__ACTIVITY__. Working from the records below, repeat exactly the lines starting at the line that contains "b_def[symmetric] yz power2_eq_square)" and ending at the line that contains "by (rule quad)", inclusive.

__AVAILABLE RECORDS__.
________
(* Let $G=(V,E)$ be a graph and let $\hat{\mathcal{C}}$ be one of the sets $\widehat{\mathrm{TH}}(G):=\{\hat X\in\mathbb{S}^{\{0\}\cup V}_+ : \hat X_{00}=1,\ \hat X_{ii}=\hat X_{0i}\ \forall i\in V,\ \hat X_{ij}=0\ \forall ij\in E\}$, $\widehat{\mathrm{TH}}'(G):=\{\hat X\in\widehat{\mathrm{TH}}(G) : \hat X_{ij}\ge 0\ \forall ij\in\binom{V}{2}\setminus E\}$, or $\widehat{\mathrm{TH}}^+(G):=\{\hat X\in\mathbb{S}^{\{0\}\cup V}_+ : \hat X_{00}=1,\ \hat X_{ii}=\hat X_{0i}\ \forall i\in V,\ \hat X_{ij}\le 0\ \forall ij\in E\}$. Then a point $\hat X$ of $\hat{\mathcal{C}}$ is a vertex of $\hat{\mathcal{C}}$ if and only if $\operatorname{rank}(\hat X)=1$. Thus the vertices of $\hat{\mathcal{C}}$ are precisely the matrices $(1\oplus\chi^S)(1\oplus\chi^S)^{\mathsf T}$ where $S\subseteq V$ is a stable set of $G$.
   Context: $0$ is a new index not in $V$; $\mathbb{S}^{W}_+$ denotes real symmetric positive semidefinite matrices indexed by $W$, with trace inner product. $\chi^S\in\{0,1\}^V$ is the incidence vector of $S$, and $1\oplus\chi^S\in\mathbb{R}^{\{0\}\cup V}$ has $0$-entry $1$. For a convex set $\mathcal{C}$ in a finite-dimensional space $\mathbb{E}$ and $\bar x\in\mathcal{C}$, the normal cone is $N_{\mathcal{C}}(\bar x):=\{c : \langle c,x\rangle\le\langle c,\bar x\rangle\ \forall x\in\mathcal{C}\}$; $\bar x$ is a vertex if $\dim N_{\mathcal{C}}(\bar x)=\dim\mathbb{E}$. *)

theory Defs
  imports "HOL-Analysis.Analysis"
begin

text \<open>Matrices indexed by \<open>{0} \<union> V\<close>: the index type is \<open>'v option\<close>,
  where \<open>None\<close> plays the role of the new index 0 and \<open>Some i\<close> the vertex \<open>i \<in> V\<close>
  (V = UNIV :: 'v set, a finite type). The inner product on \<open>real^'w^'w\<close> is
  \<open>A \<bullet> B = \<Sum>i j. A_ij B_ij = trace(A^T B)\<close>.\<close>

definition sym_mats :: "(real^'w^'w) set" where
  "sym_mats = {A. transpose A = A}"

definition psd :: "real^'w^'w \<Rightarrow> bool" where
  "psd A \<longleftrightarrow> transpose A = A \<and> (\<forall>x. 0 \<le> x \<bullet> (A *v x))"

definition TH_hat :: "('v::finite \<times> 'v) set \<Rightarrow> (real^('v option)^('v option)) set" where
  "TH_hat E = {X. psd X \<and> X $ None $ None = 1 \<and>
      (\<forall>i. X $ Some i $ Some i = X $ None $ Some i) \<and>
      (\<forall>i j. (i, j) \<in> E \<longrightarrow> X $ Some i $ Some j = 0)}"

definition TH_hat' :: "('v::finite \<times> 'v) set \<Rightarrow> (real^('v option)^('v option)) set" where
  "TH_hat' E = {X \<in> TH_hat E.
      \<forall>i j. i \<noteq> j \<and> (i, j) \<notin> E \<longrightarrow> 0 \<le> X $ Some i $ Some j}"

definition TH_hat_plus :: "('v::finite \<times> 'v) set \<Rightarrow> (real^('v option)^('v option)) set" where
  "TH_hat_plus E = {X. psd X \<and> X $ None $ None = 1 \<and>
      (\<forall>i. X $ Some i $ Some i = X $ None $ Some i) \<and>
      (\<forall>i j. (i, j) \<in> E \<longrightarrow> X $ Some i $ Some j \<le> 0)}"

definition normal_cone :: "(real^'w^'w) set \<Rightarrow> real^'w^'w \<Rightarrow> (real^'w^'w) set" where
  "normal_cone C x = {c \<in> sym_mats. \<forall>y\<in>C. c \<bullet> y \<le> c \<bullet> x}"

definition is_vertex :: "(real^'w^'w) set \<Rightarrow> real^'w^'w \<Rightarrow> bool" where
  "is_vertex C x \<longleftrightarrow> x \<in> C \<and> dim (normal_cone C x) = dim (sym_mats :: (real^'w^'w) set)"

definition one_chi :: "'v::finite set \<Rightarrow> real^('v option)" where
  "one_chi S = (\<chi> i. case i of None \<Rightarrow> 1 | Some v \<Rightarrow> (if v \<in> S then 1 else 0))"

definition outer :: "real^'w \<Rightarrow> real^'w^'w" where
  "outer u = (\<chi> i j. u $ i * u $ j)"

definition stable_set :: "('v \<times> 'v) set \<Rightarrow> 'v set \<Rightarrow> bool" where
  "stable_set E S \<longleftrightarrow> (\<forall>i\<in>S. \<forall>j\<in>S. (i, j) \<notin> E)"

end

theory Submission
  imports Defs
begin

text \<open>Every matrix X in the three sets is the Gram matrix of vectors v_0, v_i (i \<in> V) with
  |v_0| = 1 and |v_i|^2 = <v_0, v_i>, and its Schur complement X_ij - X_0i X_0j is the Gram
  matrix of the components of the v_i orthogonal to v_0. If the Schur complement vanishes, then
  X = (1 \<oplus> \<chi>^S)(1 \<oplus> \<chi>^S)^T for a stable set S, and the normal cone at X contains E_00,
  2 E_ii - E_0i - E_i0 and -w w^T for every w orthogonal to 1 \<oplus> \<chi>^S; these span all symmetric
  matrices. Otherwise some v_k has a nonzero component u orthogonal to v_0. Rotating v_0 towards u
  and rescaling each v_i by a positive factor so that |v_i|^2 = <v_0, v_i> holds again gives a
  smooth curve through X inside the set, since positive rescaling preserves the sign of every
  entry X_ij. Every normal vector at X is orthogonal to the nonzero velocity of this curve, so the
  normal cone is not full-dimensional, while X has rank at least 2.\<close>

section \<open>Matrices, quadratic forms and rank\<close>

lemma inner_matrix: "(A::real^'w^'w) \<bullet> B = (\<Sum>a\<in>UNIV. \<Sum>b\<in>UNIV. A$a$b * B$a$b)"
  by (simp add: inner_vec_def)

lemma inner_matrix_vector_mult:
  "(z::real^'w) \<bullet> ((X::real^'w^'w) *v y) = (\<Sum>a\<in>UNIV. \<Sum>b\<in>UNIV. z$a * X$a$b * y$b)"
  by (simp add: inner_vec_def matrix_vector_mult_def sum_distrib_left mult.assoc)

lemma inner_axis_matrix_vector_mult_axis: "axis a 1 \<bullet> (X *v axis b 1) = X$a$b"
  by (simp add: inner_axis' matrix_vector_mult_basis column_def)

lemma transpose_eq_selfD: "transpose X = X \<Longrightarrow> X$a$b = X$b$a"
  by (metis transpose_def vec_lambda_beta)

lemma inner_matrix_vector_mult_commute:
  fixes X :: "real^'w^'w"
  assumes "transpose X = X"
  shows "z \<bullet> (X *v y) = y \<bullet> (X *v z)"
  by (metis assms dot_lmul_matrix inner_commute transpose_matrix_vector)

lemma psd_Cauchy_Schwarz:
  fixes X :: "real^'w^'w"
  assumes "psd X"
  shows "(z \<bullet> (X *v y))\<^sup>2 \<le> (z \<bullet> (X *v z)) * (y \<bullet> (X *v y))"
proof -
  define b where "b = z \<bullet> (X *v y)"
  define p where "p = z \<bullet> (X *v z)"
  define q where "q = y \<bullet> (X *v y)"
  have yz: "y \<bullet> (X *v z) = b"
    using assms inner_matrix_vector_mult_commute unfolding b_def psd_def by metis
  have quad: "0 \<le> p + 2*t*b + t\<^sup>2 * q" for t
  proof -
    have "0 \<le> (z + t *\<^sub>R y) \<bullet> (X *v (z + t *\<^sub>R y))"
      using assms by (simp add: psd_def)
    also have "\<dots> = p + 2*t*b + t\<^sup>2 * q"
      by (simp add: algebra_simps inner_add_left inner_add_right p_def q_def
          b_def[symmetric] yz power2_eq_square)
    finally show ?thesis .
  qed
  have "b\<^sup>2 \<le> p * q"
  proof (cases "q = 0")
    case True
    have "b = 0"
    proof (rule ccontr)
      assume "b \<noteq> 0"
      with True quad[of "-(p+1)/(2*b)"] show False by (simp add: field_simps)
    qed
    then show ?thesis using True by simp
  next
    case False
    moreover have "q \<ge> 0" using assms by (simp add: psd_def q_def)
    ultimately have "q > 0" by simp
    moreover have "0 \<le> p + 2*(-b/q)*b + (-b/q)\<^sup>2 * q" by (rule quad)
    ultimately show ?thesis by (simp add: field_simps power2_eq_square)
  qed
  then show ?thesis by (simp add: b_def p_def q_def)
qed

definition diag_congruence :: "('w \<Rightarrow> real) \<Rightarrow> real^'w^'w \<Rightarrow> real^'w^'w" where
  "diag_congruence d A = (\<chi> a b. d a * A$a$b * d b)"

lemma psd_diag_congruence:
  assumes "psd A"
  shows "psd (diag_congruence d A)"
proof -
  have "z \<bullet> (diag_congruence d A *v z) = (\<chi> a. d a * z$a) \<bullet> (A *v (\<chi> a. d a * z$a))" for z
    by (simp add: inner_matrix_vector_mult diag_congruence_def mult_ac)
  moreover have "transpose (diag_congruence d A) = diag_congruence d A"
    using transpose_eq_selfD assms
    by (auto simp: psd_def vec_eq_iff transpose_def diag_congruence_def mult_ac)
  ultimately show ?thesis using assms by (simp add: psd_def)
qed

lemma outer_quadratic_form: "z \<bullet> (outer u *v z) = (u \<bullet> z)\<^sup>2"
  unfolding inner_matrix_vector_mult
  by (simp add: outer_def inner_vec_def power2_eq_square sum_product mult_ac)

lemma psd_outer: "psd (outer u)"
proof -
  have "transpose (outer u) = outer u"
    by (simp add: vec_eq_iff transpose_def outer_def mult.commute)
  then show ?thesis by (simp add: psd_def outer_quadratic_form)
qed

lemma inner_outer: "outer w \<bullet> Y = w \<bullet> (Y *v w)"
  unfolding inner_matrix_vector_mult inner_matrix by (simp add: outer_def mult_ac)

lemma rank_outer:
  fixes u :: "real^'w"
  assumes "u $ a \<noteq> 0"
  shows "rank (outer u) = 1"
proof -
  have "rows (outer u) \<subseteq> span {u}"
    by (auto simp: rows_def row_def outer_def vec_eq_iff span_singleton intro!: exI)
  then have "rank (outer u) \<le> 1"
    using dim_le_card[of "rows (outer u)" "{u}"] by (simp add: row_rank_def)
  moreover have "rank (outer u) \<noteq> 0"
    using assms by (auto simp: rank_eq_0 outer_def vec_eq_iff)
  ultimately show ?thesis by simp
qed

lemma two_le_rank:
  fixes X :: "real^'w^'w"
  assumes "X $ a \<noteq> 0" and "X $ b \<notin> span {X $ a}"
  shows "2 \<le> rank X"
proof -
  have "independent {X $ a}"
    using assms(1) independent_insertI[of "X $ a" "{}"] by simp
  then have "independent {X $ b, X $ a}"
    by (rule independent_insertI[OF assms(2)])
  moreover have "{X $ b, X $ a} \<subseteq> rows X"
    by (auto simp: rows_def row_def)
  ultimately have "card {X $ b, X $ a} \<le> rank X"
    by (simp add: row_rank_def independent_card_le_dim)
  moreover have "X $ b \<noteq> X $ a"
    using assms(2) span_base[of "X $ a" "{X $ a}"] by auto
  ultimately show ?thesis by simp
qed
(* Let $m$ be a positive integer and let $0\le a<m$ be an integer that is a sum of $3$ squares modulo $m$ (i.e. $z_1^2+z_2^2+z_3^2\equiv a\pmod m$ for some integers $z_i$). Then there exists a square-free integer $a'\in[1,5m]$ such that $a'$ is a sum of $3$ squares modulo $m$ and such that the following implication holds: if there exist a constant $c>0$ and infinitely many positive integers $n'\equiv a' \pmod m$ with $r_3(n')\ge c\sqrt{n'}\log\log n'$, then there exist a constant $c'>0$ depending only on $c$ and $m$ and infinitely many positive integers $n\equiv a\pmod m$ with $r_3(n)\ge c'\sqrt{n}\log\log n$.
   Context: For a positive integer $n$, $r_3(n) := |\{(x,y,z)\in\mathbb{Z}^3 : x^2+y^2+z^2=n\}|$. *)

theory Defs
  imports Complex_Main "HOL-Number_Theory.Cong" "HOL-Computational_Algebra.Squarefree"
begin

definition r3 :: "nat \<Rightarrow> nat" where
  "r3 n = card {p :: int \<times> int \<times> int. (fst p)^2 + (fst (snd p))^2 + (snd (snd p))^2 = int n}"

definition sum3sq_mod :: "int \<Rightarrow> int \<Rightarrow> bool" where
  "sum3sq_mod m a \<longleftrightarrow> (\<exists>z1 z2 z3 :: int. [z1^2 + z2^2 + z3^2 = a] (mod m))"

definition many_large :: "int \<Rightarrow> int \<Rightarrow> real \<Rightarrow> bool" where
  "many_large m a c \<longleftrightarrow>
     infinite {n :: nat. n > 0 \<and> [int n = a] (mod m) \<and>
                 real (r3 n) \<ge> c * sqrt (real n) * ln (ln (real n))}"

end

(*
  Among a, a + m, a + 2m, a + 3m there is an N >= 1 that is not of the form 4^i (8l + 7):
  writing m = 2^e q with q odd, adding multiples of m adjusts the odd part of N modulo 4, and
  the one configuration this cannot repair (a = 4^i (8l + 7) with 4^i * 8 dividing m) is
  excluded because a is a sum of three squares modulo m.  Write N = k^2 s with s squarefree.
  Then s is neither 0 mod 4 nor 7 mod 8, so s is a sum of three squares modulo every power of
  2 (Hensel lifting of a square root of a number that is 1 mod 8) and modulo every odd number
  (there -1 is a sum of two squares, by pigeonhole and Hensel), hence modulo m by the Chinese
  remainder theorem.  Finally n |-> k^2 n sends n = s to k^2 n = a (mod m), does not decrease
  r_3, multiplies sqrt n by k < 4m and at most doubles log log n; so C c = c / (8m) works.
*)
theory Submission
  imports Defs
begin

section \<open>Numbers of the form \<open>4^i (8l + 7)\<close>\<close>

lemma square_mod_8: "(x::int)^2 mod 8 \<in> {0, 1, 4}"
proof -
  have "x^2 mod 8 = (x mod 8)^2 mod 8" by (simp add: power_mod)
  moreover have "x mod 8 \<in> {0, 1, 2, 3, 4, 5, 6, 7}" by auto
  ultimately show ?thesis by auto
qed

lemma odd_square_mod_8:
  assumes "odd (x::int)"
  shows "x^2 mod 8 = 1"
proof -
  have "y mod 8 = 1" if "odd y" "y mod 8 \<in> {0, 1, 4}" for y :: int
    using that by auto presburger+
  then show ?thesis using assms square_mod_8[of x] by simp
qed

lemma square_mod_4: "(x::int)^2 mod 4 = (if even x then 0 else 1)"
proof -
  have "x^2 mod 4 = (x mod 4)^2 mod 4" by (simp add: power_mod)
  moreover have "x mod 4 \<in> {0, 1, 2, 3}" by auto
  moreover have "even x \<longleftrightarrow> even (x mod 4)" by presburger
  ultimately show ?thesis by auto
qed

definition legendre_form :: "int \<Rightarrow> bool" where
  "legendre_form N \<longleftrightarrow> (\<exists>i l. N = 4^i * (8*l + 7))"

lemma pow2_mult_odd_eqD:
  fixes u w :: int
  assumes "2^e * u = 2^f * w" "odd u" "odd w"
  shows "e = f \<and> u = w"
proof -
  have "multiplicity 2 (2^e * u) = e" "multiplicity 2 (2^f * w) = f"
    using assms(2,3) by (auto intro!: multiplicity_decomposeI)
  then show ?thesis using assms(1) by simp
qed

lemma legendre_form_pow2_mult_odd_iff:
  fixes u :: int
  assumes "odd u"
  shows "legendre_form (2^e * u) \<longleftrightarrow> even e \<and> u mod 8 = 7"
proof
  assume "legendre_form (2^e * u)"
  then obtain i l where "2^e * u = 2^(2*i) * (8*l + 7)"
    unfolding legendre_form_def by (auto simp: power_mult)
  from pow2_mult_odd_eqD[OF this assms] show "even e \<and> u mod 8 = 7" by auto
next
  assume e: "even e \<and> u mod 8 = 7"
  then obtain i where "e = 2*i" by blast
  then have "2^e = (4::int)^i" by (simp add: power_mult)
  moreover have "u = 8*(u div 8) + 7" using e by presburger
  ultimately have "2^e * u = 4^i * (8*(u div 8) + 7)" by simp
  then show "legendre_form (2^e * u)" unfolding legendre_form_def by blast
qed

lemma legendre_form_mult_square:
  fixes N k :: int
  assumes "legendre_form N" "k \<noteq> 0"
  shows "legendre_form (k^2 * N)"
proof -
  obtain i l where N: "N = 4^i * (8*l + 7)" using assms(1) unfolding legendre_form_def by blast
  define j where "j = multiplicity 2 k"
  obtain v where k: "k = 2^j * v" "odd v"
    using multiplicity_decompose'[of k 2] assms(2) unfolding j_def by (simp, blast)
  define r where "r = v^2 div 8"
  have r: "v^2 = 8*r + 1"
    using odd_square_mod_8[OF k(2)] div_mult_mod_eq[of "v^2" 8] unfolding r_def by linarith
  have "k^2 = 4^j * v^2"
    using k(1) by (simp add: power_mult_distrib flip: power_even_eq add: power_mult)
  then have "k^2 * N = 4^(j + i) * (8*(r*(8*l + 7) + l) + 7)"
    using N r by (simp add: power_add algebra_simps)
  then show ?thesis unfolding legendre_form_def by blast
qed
________
__PROBLEM SOLUTION__.
          b_def[symmetric] yz power2_eq_square)
    finally show ?thesis .
  qed
  have "b\<^sup>2 \<le> p * q"
  proof (cases "q = 0")
    case True
    have "b = 0"
    proof (rule ccontr)
      assume "b \<noteq> 0"
      with True quad[of "-(p+1)/(2*b)"] show False by (simp add: field_simps)
    qed
    then show ?thesis using True by simp
  next
    case False
    moreover have "q \<ge> 0" using assms by (simp add: psd_def q_def)
    ultimately have "q > 0" by simp
    moreover have "0 \<le> p + 2*(-b/q)*b + (-b/q)\<^sup>2 * q" by (rule quad)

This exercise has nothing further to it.